No, I was not particularly aware of that. You mean that perhaps the inference issue does not exist if the call is within a function? Can we be sure about that?

Tortar commented 4 months ago

Yes, I think we can

Tortar commented 4 months ago

it will be not inferred if we would had

f(x) = chunks(1:7; n=4, split=x)

though

Tortar commented 4 months ago

Actually it should be type unstable only if x is random inside another function or if x is a parameter of the outermost function

Tortar commented 4 months ago

I checked and indeed the code in #10 given as mwe is fine with your fix

lmiq commented 4 months ago

Oh, that's nice, I also checked now:

julia> function mwe(ichunk=2, n=5)
           return getchunk(1:10, ichunk; n, split=:batch)
       end
mwe (generic function with 4 methods)

julia> @code_warntype mwe()
MethodInstance for mwe()
  from mwe() @ Main REPL[26]:1
Arguments
  #self#::Core.Const(mwe)
Body::UnitRange{Int64}
1 ─ %1 = (#self#)(2, 5)::Core.Const(3:4)
└──      return %1

julia> function mwe(ichunk=2, n=5)
           return getchunk(1:10, ichunk; n, split=:scatter)
       end
mwe (generic function with 4 methods)

julia> @code_warntype mwe()
MethodInstance for mwe()
  from mwe() @ Main REPL[28]:1
Arguments
  #self#::Core.Const(mwe)
Body::StepRange{Int64, Int64}
1 ─ %1 = (#self#)(2, 5)::Core.Const(2:5:7)
└──      return %1

lmiq commented 4 months ago

FWIW, I think that the failure in the inferrence of the Zip object is not really related to the chunking returning unions.
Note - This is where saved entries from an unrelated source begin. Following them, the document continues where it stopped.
theorem mainTheorem10:
  fixes X :: "'a topology" and Fs :: "'a set \<Rightarrow> 'b set" and res :: "'a set \<Rightarrow> 'a set \<Rightarrow> 'b \<Rightarrow> 'b"
  assumes "presheaf X Fs res"
  shows "topspace (tau1 X Fs res) = Lambda1 X Fs res
    \<and> is_base (tau1 X Fs res) (B1 X Fs res)
    \<and> (\<forall>b\<in>B1 X Fs res. compactin (tau1 X Fs res) b)
    \<and> locally_compact_space (tau1 X Fs res)
    \<and> (\<forall>G\<in>St X. subtopology (tau1 X Fs res) ({G} \<times> stalk X Fs res G) = discrete_topology ({G} \<times> stalk X Fs res G)
         \<and> closedin (tau1 X Fs res) ({G} \<times> stalk X Fs res G))
    \<and> continuous_map (tau1 X Fs res) (StoneTop X) p1
    \<and> (\<forall>U\<in>Opens X. \<forall>f\<in>Fs U.
         local_section (tau1 X Fs res) (StoneTop X) p1 (Nq X (Reg X U)) (fdot X Fs res U f))
    \<and> etale (tau1 X Fs res) (StoneTop X) p1
    \<and> Hausdorff_space (tau1 X Fs res)
    \<and> zero_dimensional (tau1 X Fs res)
    \<and> completely_regular_space (tau1 X Fs res)
    \<and> ((\<exists>G\<in>St X. infinite (stalk X Fs res G)) \<longrightarrow> \<not> compact_space (tau1 X Fs res))"
proof -
  interpret presheaf_on X Fs res
    using assms by (rule presheaf_on.intro)
  have base: "is_base (tau1 X Fs res) (B1 X Fs res)"
    unfolding tau1_def by (rule is_base_topology_generated_by[OF base_Int_property_B1])
  have compact: "\<forall>b\<in>B1 X Fs res. compactin (tau1 X Fs res) b"
    using compactin_tau1_B1 by blast
  have "zero_dimensional (tau1 X Fs res)"
    unfolding zero_dimensional_def using base compact compactin_imp_closedin[OF Hausdorff_tau1] by blast
  moreover have "completely_regular_space (tau1 X Fs res)"
    using locally_compact_regular_imp_completely_regular_space locally_compact_tau1 Hausdorff_tau1 by blast
  moreover have "(\<exists>G\<in>St X. infinite (stalk X Fs res G)) \<longrightarrow> \<not> compact_space (tau1 X Fs res)"
    using not_compact_space_if_infinite_stalk by blast
  ultimately show ?thesis
    using topspace_tau1 base compact locally_compact_tau1 discrete_stalk closedin_stalk continuous_map_p1
      local_section_fdot etale_tau1 Hausdorff_tau1 by blast
qed
lemma log_ratio_sums:
  assumes "0 < x" "x < 1"
  shows "(\<lambda>n. x ^ n / real (n + 1)) sums log_ratio x"
proof -
  have "(\<lambda>n. - (x ^ n / real n)) sums ln (1 - x)"
    using ln_series'[of "- x"] assms by simp
  from sums_minus[OF this] have "(\<lambda>n. x ^ n / real n) sums ln (1 / (1 - x))"
    using assms by (simp add: ln_div)
  then have "(\<lambda>n. x ^ Suc n / real (Suc n)) sums ln (1 / (1 - x))"
    by (subst sums_Suc_iff) simp
  from sums_divide[OF this, of x] show ?thesis
    using assms by (simp add: log_ratio_def)
qed

lemma log_ratio_complement_sums:
  assumes "0 < x" "x < 1"
  shows "(\<lambda>n. real n * x ^ n / real (n + 1)) sums (1 / (1 - x) - log_ratio x)"
proof -
  have "(\<lambda>n. x ^ n - x ^ n / real (n + 1)) sums (1 / (1 - x) - log_ratio x)"
    using assms by (intro sums_diff geometric_sums log_ratio_sums) auto
  moreover have "x ^ n - x ^ n / real (n + 1) = real n * x ^ n / real (n + 1)" for n
    by (simp add: field_simps)
  ultimately show ?thesis
    by simp
qed

definition crit :: "real \<Rightarrow> real" where
  "crit x = 3 * (1 - x) * ln (1 - x) + 2 * x"

lemma crit_has_derivative: "x < 1 \<Longrightarrow> (crit has_real_derivative (- 3 * ln (1 - x) - 1)) (at x)"
  unfolding crit_def by (rule derivative_eq_intros refl | simp)+ (simp add: field_simps)

lemma continuous_on_crit: "b < 1 \<Longrightarrow> continuous_on {a..b} crit"
  by (rule DERIV_atLeastAtMost_imp_continuous_on) (metis crit_has_derivative le_less_trans)

lemma crit_strict_antimono:
  assumes "a < b" "b \<le> 1 - exp (- 1 / 3)"
  shows "crit b < crit a"
proof (rule DERIV_neg_imp_decreasing_open[OF assms(1)])
  show "continuous_on {a..b} crit"
    using assms by (intro continuous_on_crit) (smt (verit) exp_gt_zero)
next
  fix x
  assume x: "a < x" "x < b"
  then have "exp (- 1 / 3) < 1 - x"
    using assms by simp
  then have "- 1 / 3 < ln (1 - x)"
    by (metis exp_gt_zero less_trans ln_exp ln_less_cancel_iff)
  moreover have "x < 1"
    using x assms by (smt (verit) exp_gt_zero)
  ultimately show "\<exists>y. (crit has_real_derivative y) (at x) \<and> y < 0"
    using crit_has_derivative by fastforce
qed

lemma crit_strict_mono:
  assumes "1 - exp (- 1 / 3) \<le> a" "a < b" "b < 1"
  shows "crit a < crit b"
proof (rule DERIV_pos_imp_increasing_open[OF assms(2)])
  show "continuous_on {a..b} crit"
    using assms by (intro continuous_on_crit)
next
  fix x
  assume x: "a < x" "x < b"
  then have "1 - x < exp (- 1 / 3)" "0 < 1 - x"
    using assms by auto
  then have "ln (1 - x) < - 1 / 3"
    by (metis ln_exp ln_less_cancel_iff exp_gt_zero)
  moreover have "x < 1"
    using x assms by simp
  ultimately show "\<exists>y. (crit has_real_derivative y) (at x) \<and> y > 0"
    using crit_has_derivative by fastforce
qed

lemma exp_two_gt_four: "4 < exp (2 :: real)"
proof -
  have "(3 / 2) ^ 4 \<le> exp (1 / 2 :: real) ^ 4"
    using exp_ge_add_one_self[of "1 / 2 :: real"] by (intro power_mono) simp_all
  also have "\<dots> = exp 2"
    by (simp flip: exp_of_nat_mult)
  finally show ?thesis
    by (simp add: eval_nat_numeral)
qed

text \<open>\<^const>\<open>crit\<close> falls from \<open>crit 0 = 0\<close> until \<open>1 - exp (-1/3)\<close> and then rises, reaching
  \<open>2 - 8 exp (-2) > 0\<close> at \<open>1 - exp (-2)\<close>; so it has exactly one zero in \<open>(0, 1)\<close>.\<close>

lemma rho0_root: "0 < rho0" "rho0 < 1" "crit rho0 = 0" "1 - exp (- 1 / 3) < rho0"
proof -
  define m :: real where "m = 1 - exp (- 1 / 3)"
  define p :: real where "p = 1 - exp (- 2)"
  have "0 < m" "m < p" "p < 1"
    by (simp_all add: m_def p_def)
  have "crit m < 0"
    using crit_strict_antimono[of 0 m] \<open>0 < m\<close> by (simp add: m_def crit_def)
  have "exp (- 2) < (1 / 4 :: real)"
    using exp_two_gt_four by (simp add: exp_minus inverse_eq_divide field_simps)
  then have "0 < crit p"
    by (simp add: crit_def p_def)
  obtain r where r: "m \<le> r" "r \<le> p" "crit r = 0"
    using IVT'[of crit m 0 p] \<open>crit m < 0\<close> \<open>0 < crit p\<close> \<open>m < p\<close> continuous_on_crit[OF \<open>p < 1\<close>]
    by force
  then have "m < r"
    using \<open>crit m < 0\<close> by (cases "r = m") auto
  have "x = r" if "0 < x" "x < 1" "crit x = 0" for x
  proof -
    have "m < x"
      using crit_strict_antimono[of 0 x] that by (force simp: m_def crit_def)
    then show ?thesis
      using crit_strict_mono[of x r] crit_strict_mono[of r x] \<open>m < r\<close> r that \<open>p < 1\<close>
      by (smt (verit, best) m_def)
  qed
  then have "rho0 = r"
    unfolding rho0_def crit_def[symmetric]
    using \<open>0 < m\<close> \<open>m < r\<close> \<open>p < 1\<close> r by (intro the_equality) auto
  then show "0 < rho0" "rho0 < 1" "crit rho0 = 0" "1 - exp (- 1 / 3) < rho0"
    using \<open>0 < m\<close> \<open>m < r\<close> \<open>p < 1\<close> r unfolding m_def [symmetric] by simp_all
qed

lemma crit_nonpos_iff:
  assumes "0 < x" "x < 1"
  shows "crit x \<le> 0 \<longleftrightarrow> x \<le> rho0"
proof
  assume "x \<le> rho0"
  show "crit x \<le> 0"
  proof (cases "x \<le> 1 - exp (- 1 / 3)")
    case True
    then show ?thesis
      using crit_strict_antimono[of 0 x] assms by (simp add: crit_def)
  next
    case False
    then show ?thesis
      using crit_strict_mono[of x rho0] rho0_root \<open>x \<le> rho0\<close> by (cases "x = rho0") auto
  qed
next
  assume "crit x \<le> 0"
  then show "x \<le> rho0"
    using crit_strict_mono[of rho0 x] rho0_root assms by (cases "x \<le> rho0") auto
qed

lemma crit_eq_log_ratio:
  assumes "0 < x" "x < 1"
  shows "crit x = x * (1 - x) * (2 / (1 - x) - 3 * log_ratio x)"
  using assms by (simp add: crit_def log_ratio_def ln_div field_simps)

lemma log_ratio_bound_iff_le_rho0:
  assumes "0 < x" "x < 1"
  shows "2 / (1 - x) \<le> 3 * log_ratio x \<longleftrightarrow> x \<le> rho0"
proof -
  have "0 < x * (1 - x)"
    using assms by simp
  then have "crit x \<le> 0 \<longleftrightarrow> 2 / (1 - x) - 3 * log_ratio x \<le> 0"
    using mult_le_cancel_left_pos[of "x * (1 - x)" _ 0] crit_eq_log_ratio[OF assms] by simp
  then show ?thesis
    using crit_nonpos_iff[OF assms] by simp
qed

section \<open>Cesaro means of coefficient moduli\<close>

lemma Cesaro_series_le:
  fixes \<beta> :: "nat \<Rightarrow> real"
  assumes "\<And>k. 0 \<le> \<beta> k" "\<And>n. (\<Sum>k\<le>n. \<beta> k) \<le> p + q * real n" "0 < x" "x < 1"
  shows "(\<Sum>n. 1 / real (n + 1) * (\<Sum>k\<le>n. \<beta> k) * x ^ n)
           \<le> p * log_ratio x + q * (1 / (1 - x) - log_ratio x)"
proof -
  define u where "u n = p * (x ^ n / real (n + 1)) + q * (real n * x ^ n / real (n + 1))" for n
  have u_sums: "u sums (p * log_ratio x + q * (1 / (1 - x) - log_ratio x))"
    unfolding u_def using assms(3,4)
    by (intro sums_add sums_mult log_ratio_sums log_ratio_complement_sums)
  have le_u: "1 / real (n + 1) * (\<Sum>k\<le>n. \<beta> k) * x ^ n \<le> u n" for n
  proof -
    have "1 / real (n + 1) * (\<Sum>k\<le>n. \<beta> k) * x ^ n \<le> 1 / real (n + 1) * (p + q * real n) * x ^ n"
      using assms(2,3) by (intro mult_right_mono mult_left_mono) auto
    also have "\<dots> = u n"
      by (simp add: u_def add_divide_distrib distrib_right)
    finally show ?thesis .
  qed
  have "summable (\<lambda>n. 1 / real (n + 1) * (\<Sum>k\<le>n. \<beta> k) * x ^ n)"
  proof (rule summable_comparison_test'[OF sums_summable[OF u_sums]])
    show "norm (1 / real (n + 1) * (\<Sum>k\<le>n. \<beta> k) * x ^ n) \<le> u n" for n
      using le_u[of n] assms(1,3) by (simp add: sum_nonneg)
  qed
  then show ?thesis
    using suminf_le[OF le_u _ sums_summable[OF u_sums]] u_sums by (simp add: sums_iff)
qed

lemma Cesaro_series_ge:
  fixes \<beta> :: "nat \<Rightarrow> real"
  assumes "\<And>k. 0 \<le> \<beta> k" "\<And>k. \<beta> k \<le> 1" "\<And>n. p + q * real n * y ^ n \<le> (\<Sum>k\<le>n. \<beta> k)"
    and "0 < x" "x < 1" "0 < y" "y \<le> 1"
  shows "p * log_ratio x + q * (1 / (1 - x * y) - log_ratio (x * y))
           \<le> (\<Sum>n. 1 / real (n + 1) * (\<Sum>k\<le>n. \<beta> k) * x ^ n)"
proof -
  have "x * y \<le> x"
    using assms(4,7) by (simp add: mult_left_le)
  then have "x * y < 1"
    using assms(5) by linarith
  have "0 < x * y"
    using assms(4,6) by simp
  define v where "v n = p * (x ^ n / real (n + 1)) + q * (real n * (x * y) ^ n / real (n + 1))" for n
  have v_sums: "v sums (p * log_ratio x + q * (1 / (1 - x * y) - log_ratio (x * y)))"
    unfolding v_def using assms(4,5) \<open>0 < x * y\<close> \<open>x * y < 1\<close>
    by (intro sums_add sums_mult log_ratio_sums log_ratio_complement_sums)
  have ge_v: "v n \<le> 1 / real (n + 1) * (\<Sum>k\<le>n. \<beta> k) * x ^ n" for n
  proof -
    have "v n = 1 / real (n + 1) * (p + q * real n * y ^ n) * x ^ n"
      by (simp add: v_def divide_simps power_mult_distrib) (simp add: algebra_simps)
    also have "\<dots> \<le> 1 / real (n + 1) * (\<Sum>k\<le>n. \<beta> k) * x ^ n"
      using assms(3,4) by (intro mult_right_mono mult_left_mono) auto
    finally show ?thesis .
  qed
  have nonneg: "0 \<le> 1 / real (n + 1) * (\<Sum>k\<le>n. \<beta> k) * x ^ n" for n
    using assms(1,4) by (simp add: sum_nonneg)
  have le_geometric: "1 / real (n + 1) * (\<Sum>k\<le>n. \<beta> k) * x ^ n \<le> x ^ n" for n
  proof -
    have "(\<Sum>k\<le>n. \<beta> k) \<le> real (n + 1)"
      using sum_mono[of "{..n}" \<beta> "\<lambda>_. 1"] assms(2) by simp
    then have "1 / real (n + 1) * (\<Sum>k\<le>n. \<beta> k) \<le> 1"
      by (simp add: divide_le_eq)
    then show ?thesis
      using assms(1,4) by (intro mult_left_le_one_le) (simp_all add: sum_nonneg)
  qed
  have "summable (\<lambda>n. 1 / real (n + 1) * (\<Sum>k\<le>n. \<beta> k) * x ^ n)"
  proof (rule summable_comparison_test'[OF summable_geometric[of x]])
    show "norm x < 1"
      using assms(4,5) by simp
    show "norm (1 / real (n + 1) * (\<Sum>k\<le>n. \<beta> k) * x ^ n) \<le> x ^ n" for n
      using nonneg[of n] le_geometric[of n] by simp
  qed
  then show ?thesis
    using suminf_le[OF ge_v sums_summable[OF v_sums]] v_sums by (simp add: sums_iff)
qed

section \<open>The inequality and its sharpness\<close>

lemma mem_Omega_iff:
  assumes "\<gamma> < 1"
  shows "z \<in> Omega \<gamma> \<longleftrightarrow> norm (of_real (1 - \<gamma>) * (z + of_real (\<gamma> / (1 - \<gamma>)))) < 1"
proof -
  define c where "c = complex_of_real (\<gamma> / (1 - \<gamma>))"
  have "dist (- c) z = norm (z + c)"
    using norm_minus_cancel[of "z + c"] by (simp add: dist_norm algebra_simps)
  then have "z \<in> Omega \<gamma> \<longleftrightarrow> norm (z + c) < 1 / (1 - \<gamma>)"
    unfolding Omega_def c_def [symmetric] by simp
  moreover have "norm (of_real (1 - \<gamma>) * (z + c)) = (1 - \<gamma>) * norm (z + c)"
    using assms by (simp only: norm_mult norm_of_real)
  ultimately show ?thesis
    unfolding c_def [symmetric] using assms by (simp add: pos_less_divide_eq mult.commute)
qed

lemma classB_disk_series:
  assumes "\<gamma> < 1" "f \<in> classB \<gamma>"
    and "\<forall>z\<in>Omega \<gamma>. (\<lambda>n. a n * (z + of_real (\<gamma> / (1 - \<gamma>))) ^ n) sums f z"
  obtains G where "\<And>w. norm w < 1 \<Longrightarrow> (\<lambda>n. a n / of_real ((1 - \<gamma>) ^ n) * w ^ n) sums G w"
    and "\<And>w. norm w < 1 \<Longrightarrow> norm (G w) \<le> 1"
proof
  define c where "c = complex_of_real (\<gamma> / (1 - \<gamma>))"
  define d where "d = complex_of_real (1 - \<gamma>)"
  have "d \<noteq> 0"
    using assms(1) by (simp add: d_def)
  fix w :: complex
  assume "norm w < 1"
  moreover have "d * (w / d - c + c) = w"
    using \<open>d \<noteq> 0\<close> by simp
  ultimately have z: "w / d - c \<in> Omega \<gamma>"
    using mem_Omega_iff[OF assms(1)] by (simp only: c_def d_def)
  then show "norm (f (w / d - c)) \<le> 1"
    using assms(2) by (simp add: classB_def)
  have "(\<lambda>n. a n * (w / d - c + c) ^ n) sums f (w / d - c)"
    using bspec[OF assms(3) z] by (simp only: c_def)
  then show "(\<lambda>n. a n / of_real ((1 - \<gamma>) ^ n) * w ^ n) sums f (w / d - c)"
    by (simp add: power_divide d_def del: of_real_diff)
qed

lemma Cf_le_log_ratio:
  assumes "\<gamma> < 1" "f \<in> classB \<gamma>"
    and "\<forall>z\<in>Omega \<gamma>. (\<lambda>n. a n * (z + of_real (\<gamma> / (1 - \<gamma>))) ^ n) sums f z"
    and "0 < \<rho>" "\<rho> \<le> rho0"
  shows "Cf \<gamma> a \<rho> \<le> log_ratio \<rho>"
proof -
  have "\<rho> < 1"
    using assms(5) rho0_root by linarith
  obtain G where G_sums: "\<And>w. norm w < 1 \<Longrightarrow> (\<lambda>n. a n / of_real ((1 - \<gamma>) ^ n) * w ^ n) sums G w"
    and G_bounded: "\<And>w. norm w < 1 \<Longrightarrow> norm (G w) \<le> 1"
    using classB_disk_series[OF assms(1-3)] by blast
  define \<beta> where "\<beta> k = norm (a k) / (1 - \<gamma>) ^ k" for k
  have \<beta>_eq: "\<beta> k = norm (a k / of_real ((1 - \<gamma>) ^ k))" for k
    using assms(1) by (simp only: \<beta>_def norm_divide norm_of_real) simp
  define \<alpha> where "\<alpha> = \<beta> 0"
  have "G 0 = a 0"
    using sums_unique2[OF G_sums[of 0] powser_sums_zero] by simp
  then have "\<alpha> \<le> 1"
    using G_bounded[of 0] by (simp add: \<alpha>_def \<beta>_def)
  have \<beta>_le: "\<beta> k \<le> 2 * (1 - \<alpha>)" if "0 < k" for k
    unfolding \<alpha>_def \<beta>_eq using G_sums G_bounded that by (rule bounded_powser_coeff_bound)
  have "(\<Sum>k\<le>n. \<beta> k) \<le> \<alpha> + 2 * (1 - \<alpha>) * real n" for n
  proof (induction n)
    case (Suc n)
    then show ?case
      using \<beta>_le[of "Suc n"] by (simp add: algebra_simps)
  qed (simp add: \<alpha>_def)
  then have "Cf \<gamma> a \<rho> \<le> \<alpha> * log_ratio \<rho> + 2 * (1 - \<alpha>) * (1 / (1 - \<rho>) - log_ratio \<rho>)"
    unfolding Cf_def \<beta>_def[symmetric] using assms(1,4) \<open>\<rho> < 1\<close>
    by (intro Cesaro_series_le) (simp_all add: \<beta>_def)
  also have "\<dots> = log_ratio \<rho> - (1 - \<alpha>) * (3 * log_ratio \<rho> - 2 / (1 - \<rho>))"
    by (simp add: algebra_simps add_divide_distrib [symmetric])
  also have "\<dots> \<le> log_ratio \<rho>"
    using log_ratio_bound_iff_le_rho0[OF assms(4) \<open>\<rho> < 1\<close>] assms(5) \<open>\<alpha> \<le> 1\<close> by simp
  finally show ?thesis .
qed
(* Let $S$ be a specialisation independent scheduling rule. For every clause $c=(h\leftarrow B)$ there exist p-goals $M_s,M_q$ with $B=M_s|M_q$ (depending only on $c$) such that every priority derivation step $a|K\xrightarrow{c\xi,\eta}R$ belonging to $S$ satisfies $R=(M_s\xi\underline{\pi}|K|M_q\xi\underline{\pi})\eta$ for some shifting $\underline{\pi}$. In other words, $S$ is of stack-queue type; together with the fact that complete stack-queue sets are specialisation independent scheduling rules, specialisation independent scheduling rules are exactly the complete sets of stack-queue type.
   Context: A p-atom is a pair $a[p]$ of an atom $a$ and a rational priority $p$. A p-goal is a finite set of p-atoms with pairwise distinct priorities, regarded as a list ordered by increasing priority. Substitutions act on atoms and leave priorities unchanged. A clause is $h\leftarrow B$ with $h$ an atom and $B$ a p-goal. For p-goals with no common priority, $F+G=F\cup G$; $F|G$ denotes $F+G$ when all priorities of $F$ are smaller than those of $G$. A shifting $\underline{\pi}$ is a strictly increasing bijection $\mathbb{Q}\to\mathbb{Q}$ acting on priorities ($G\underline\pi$). Priority derivation step: for a p-goal $a|F$ ($a$ of least priority), clause $c=(h\leftarrow B)$, renaming $\xi$ with $var(a|F)\cap var(c\xi)=\emptyset$, idempotent relevant mgu $\theta$ of $a$ and $h\xi$, shifting $\underline{\pi}$ with $F$, $B\xi\underline{\pi}$ sharing no priority: $a|F\xrightarrow{c\xi,\theta}(F+B\xi\underline{\pi})\theta$. Lowering: for $c=(h\leftarrow B)$, a step $a\lambda\underline{\sigma}|(K\lambda\underline{\sigma}+X)\xrightarrow{c}(X+K\lambda\underline{\sigma}+B\xi''\underline{\theta}'')\alpha''$ is a lowering by $X$ of a step $a|K\xrightarrow{c}(K+B\xi'\underline{\theta}')\alpha'$ ($\lambda$ a substitution, $\underline\sigma$ a shifting); it is a congruent lowering by $X$ if some shifting $\underline{\rho}$ has $K\underline{\rho}=K\underline{\sigma}$ and $B\underline{\theta}'\underline{\rho}=B\underline{\theta}''$. Steps are congruent lowerings of each other if each is a congruent lowering of the other. A set $S$ of steps is complete if (i) whenever some step $G\xrightarrow{c}\cdot$ exists, some step $G\xrightarrow{c}\cdot$ lies in $S$, and (ii) $S$ contains every step that is a congruent lowering of each other with a step of $S$; it is specialisation independent if whenever $Ds_1,Ds_2\in S$ and $Ds_2$ is a lowering of $Ds_1$ by $X$, $Ds_2$ is a congruent lowering of $Ds_1$ by $X$. A specialisation independent scheduling rule is a complete specialisation independent set of steps. Stack-queue type: a set $SQ$ of priority derivation steps is of stack-queue type if for every clause $c=(h\leftarrow B)$ there are p-goals $M_s,M_q$ with $B=M_s|M_q$ such that every step $a|K\xrightarrow{c\xi,\mu}R$ in $SQ$ satisfies $R=(M_s\xi\underline{\gamma}|K|M_q\xi\underline{\gamma})\mu$ for some shifting $\underline{\gamma}$. *)

theory Defs
  imports Complex_Main
begin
This is in the current version, which always returns StepRanges:

(jl_7XlS0M) pkg> st
Status `/tmp/jl_7XlS0M/Project.toml`
  [ae650224] ChunkSplitters v2.4.2

julia> function mwe2(ichunk=2, n=5, l=10)
           cx = getchunk(collect(1:l), ichunk; n, split=:batch)
           cy = getchunk(collect(1:l), ichunk; n, split=:batch)
           return Iterators.zip(cx, cy)
       end
mwe2 (generic function with 4 methods)

julia> @code_warntype mwe2()
MethodInstance for mwe2()
  from mwe2() @ Main REPL[12]:1
Arguments
  #self#::Core.Const(mwe2)
Body::Base.Iterators.Zip
1 ─ %1 = (#self#)(2, 5, 10)::Base.Iterators.Zip
└──      return %1

and this is the same with the completely type-stable new version call:

julia> function mwe2(ichunk=2, n=5, l=10)
           cx = getchunk(collect(1:l), ichunk, BatchSplitter; n)
           cy = getchunk(collect(1:l), ichunk, BatchSplitter; n)
           return Iterators.zip(cx, cy)
       end
mwe2 (generic function with 4 methods)

julia> @code_warntype mwe2()
MethodInstance for mwe2()
  from mwe2() @ Main REPL[51]:1
Arguments
  #self#::Core.Const(mwe2)
Body::Base.Iterators.Zip
1 ─ %1 = (#self#)(2, 5, 10)::Base.Iterators.Zip
└──      return %1

The problem there is that getchunk can return nothing if the array has zero length. But that's a separate issue: https://github.com/JuliaFolds2/ChunkSplitters.jl/issues/36

lmiq commented 4 months ago

So, the possible options are:

Accept this PR as is, and with that we can have the instability in the cases mentioned by Tortar there, which are probably not important.
Export a new interface where split is defined by a mandatory type-parameter (it must be mandatory or the method conflicts with the current one).
Move towards a breaking release where the split type is defined by a type-parameter. (in this case, we could address https://github.com/JuliaFolds2/ChunkSplitters.jl/issues/25 as well.
All of the above.

Tortar commented 4 months ago

I think 3. would be really cool, if a chunk_indices is also provided. But I think 1. should be independent from it. 2. seems not particularly interesting in my opinion.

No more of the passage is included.